• [What is required]: The material below contains a line with "using i by (cases" and a line with "then show ?thesis using step". Copy exactly those two lines and all lines between them.

====================

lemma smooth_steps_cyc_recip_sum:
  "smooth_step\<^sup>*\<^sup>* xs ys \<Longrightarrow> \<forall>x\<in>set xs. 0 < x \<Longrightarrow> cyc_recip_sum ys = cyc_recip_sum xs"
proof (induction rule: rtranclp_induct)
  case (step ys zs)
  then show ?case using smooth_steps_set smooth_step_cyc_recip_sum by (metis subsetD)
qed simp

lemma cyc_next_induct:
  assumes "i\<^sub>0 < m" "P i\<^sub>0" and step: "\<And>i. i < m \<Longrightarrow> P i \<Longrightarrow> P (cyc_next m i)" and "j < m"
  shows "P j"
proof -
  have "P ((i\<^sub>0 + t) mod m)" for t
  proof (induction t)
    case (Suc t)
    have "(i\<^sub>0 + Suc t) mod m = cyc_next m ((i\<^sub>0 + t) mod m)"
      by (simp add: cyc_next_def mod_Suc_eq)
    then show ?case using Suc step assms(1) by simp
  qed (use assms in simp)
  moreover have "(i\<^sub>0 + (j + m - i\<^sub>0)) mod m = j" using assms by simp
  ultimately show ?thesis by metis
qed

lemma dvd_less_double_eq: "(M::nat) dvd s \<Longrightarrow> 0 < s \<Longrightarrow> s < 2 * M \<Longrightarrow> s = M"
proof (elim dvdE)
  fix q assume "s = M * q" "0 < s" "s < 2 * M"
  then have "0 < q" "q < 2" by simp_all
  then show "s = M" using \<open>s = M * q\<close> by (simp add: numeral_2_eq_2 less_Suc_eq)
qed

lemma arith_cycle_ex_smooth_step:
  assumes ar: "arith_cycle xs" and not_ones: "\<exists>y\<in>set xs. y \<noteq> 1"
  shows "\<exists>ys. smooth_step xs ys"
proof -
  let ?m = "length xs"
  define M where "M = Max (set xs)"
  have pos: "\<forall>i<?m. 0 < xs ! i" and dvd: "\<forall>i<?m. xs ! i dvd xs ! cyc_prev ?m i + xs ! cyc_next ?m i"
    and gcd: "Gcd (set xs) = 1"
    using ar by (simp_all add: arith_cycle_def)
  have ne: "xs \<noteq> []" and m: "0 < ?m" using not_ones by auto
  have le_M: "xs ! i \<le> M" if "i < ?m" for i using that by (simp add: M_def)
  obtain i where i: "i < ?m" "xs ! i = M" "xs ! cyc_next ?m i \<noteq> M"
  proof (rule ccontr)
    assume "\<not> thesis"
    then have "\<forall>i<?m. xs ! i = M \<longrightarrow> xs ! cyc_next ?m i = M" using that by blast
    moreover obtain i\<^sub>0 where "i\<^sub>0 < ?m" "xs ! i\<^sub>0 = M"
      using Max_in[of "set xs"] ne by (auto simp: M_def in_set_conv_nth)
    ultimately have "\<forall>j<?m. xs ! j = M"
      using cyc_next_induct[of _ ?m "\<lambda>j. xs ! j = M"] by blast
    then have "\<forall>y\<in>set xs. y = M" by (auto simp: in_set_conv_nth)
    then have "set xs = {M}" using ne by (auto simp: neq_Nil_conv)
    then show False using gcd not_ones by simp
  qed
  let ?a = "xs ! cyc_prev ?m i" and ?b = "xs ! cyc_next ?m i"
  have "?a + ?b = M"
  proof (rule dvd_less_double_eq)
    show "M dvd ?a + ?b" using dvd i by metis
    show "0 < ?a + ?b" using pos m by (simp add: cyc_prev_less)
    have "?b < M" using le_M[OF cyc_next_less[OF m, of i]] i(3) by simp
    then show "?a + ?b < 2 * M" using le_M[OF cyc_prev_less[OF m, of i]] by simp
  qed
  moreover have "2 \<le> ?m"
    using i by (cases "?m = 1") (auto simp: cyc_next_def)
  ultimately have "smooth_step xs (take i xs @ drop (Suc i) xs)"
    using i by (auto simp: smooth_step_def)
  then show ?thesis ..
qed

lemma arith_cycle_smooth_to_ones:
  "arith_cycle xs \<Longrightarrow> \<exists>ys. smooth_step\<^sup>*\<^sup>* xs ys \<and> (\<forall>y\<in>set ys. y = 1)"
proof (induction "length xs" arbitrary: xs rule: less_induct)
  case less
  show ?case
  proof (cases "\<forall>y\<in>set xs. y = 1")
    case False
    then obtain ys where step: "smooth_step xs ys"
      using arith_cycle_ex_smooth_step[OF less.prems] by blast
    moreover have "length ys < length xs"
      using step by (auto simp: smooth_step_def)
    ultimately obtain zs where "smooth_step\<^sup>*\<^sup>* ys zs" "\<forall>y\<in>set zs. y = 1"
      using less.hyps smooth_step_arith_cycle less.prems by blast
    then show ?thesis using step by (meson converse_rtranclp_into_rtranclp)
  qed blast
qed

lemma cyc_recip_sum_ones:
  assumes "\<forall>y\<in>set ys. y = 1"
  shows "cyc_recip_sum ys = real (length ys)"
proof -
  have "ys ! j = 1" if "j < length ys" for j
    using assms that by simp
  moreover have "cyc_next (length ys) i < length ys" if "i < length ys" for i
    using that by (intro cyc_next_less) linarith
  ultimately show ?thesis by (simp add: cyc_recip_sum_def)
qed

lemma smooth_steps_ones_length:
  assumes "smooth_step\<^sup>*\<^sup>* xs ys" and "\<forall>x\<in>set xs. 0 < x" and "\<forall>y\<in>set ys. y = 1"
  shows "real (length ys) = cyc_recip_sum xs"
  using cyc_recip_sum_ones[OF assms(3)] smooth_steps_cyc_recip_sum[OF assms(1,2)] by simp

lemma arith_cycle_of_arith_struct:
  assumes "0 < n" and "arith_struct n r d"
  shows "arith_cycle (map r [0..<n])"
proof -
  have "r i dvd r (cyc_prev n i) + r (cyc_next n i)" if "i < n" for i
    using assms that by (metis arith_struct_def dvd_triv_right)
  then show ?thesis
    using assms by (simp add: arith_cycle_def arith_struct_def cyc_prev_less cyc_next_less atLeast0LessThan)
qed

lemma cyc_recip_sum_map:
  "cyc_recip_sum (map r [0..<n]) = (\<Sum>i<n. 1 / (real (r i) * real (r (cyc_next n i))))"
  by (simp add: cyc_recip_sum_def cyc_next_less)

====================

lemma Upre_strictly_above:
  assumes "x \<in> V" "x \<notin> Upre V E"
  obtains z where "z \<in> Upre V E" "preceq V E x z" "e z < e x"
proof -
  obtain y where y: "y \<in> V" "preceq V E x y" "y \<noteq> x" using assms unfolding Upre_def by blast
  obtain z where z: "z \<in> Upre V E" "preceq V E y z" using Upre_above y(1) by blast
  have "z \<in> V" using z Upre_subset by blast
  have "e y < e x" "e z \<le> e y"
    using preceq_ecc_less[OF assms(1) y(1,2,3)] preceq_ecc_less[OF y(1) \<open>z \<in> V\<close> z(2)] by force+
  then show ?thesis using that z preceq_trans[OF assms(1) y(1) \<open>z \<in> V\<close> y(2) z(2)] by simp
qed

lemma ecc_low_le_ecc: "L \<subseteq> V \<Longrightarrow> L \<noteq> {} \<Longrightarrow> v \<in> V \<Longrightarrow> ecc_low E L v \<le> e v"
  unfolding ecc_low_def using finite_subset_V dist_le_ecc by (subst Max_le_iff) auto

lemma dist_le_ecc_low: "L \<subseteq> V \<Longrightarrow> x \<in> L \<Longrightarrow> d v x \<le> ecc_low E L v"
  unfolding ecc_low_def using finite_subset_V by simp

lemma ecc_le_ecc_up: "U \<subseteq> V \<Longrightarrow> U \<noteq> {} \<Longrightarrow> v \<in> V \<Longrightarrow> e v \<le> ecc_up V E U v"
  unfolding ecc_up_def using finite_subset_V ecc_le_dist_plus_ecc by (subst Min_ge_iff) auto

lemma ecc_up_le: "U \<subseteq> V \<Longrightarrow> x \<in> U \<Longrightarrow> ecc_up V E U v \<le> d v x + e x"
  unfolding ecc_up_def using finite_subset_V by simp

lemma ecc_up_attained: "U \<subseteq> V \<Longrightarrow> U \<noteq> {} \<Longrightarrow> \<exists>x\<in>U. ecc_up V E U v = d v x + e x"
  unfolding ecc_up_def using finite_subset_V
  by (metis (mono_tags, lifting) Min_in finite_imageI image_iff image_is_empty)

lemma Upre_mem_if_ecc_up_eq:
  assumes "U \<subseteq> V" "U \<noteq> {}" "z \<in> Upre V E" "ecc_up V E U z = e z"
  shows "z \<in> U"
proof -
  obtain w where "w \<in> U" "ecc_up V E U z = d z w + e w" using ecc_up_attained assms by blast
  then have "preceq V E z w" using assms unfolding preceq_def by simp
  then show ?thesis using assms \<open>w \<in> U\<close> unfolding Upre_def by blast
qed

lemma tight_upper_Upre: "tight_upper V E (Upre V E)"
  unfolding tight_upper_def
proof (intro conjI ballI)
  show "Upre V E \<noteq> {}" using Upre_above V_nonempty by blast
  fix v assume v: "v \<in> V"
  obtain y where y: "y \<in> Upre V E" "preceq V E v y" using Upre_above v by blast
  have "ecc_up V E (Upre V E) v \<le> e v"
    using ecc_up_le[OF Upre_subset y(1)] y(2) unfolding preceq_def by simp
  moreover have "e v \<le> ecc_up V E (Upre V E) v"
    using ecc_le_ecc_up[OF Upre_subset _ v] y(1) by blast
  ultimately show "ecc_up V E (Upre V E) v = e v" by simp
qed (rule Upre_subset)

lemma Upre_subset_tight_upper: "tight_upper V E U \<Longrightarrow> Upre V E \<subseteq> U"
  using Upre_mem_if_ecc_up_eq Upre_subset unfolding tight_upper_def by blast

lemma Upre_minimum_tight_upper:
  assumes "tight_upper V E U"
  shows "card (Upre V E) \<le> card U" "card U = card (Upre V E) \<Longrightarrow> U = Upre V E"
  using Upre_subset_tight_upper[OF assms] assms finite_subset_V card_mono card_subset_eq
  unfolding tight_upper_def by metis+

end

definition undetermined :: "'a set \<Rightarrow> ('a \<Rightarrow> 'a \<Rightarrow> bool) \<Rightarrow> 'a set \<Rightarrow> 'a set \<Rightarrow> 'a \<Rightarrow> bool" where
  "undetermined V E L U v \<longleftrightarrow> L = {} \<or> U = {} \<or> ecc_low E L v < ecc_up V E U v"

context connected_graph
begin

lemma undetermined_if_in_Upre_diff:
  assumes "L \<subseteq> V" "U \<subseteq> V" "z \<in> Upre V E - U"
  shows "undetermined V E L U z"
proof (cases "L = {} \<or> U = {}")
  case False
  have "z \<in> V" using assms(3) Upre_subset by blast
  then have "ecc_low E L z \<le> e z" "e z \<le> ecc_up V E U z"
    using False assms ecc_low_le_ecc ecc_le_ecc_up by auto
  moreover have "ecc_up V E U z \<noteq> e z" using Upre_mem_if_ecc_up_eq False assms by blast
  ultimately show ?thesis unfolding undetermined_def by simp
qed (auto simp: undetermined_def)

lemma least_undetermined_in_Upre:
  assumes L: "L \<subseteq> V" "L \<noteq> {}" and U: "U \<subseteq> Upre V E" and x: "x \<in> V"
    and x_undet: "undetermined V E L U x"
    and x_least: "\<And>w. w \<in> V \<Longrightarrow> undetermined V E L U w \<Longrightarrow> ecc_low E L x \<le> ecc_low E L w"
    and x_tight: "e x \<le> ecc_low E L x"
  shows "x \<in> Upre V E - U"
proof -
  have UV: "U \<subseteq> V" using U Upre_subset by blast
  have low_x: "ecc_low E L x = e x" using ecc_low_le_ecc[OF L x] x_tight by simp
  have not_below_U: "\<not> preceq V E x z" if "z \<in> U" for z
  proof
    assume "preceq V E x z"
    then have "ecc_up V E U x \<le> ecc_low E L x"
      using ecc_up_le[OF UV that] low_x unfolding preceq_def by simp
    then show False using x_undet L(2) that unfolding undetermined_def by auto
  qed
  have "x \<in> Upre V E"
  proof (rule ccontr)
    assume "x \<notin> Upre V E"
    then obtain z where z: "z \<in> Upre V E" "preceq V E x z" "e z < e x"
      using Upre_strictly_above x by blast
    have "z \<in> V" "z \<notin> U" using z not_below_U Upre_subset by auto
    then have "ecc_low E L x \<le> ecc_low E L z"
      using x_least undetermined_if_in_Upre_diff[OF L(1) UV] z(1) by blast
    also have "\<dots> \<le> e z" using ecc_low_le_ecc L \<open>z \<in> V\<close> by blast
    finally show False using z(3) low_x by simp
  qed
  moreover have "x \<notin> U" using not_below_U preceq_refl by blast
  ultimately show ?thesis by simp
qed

====================

• [Solution for this task]:
    using i by (cases "?m = 1") (auto simp: cyc_next_def)
  ultimately have "smooth_step xs (take i xs @ drop (Suc i) xs)"
    using i by (auto simp: smooth_step_def)
  then show ?thesis ..
qed

lemma arith_cycle_smooth_to_ones:
  "arith_cycle xs \<Longrightarrow> \<exists>ys. smooth_step\<^sup>*\<^sup>* xs ys \<and> (\<forall>y\<in>set ys. y = 1)"
proof (induction "length xs" arbitrary: xs rule: less_induct)
  case less
  show ?case
  proof (cases "\<forall>y\<in>set xs. y = 1")
    case False
    then obtain ys where step: "smooth_step xs ys"
      using arith_cycle_ex_smooth_step[OF less.prems] by blast
    moreover have "length ys < length xs"
      using step by (auto simp: smooth_step_def)
    ultimately obtain zs where "smooth_step\<^sup>*\<^sup>* ys zs" "\<forall>y\<in>set zs. y = 1"
      using less.hyps smooth_step_arith_cycle less.prems by blast
    then show ?thesis using step by (meson converse_rtranclp_into_rtranclp)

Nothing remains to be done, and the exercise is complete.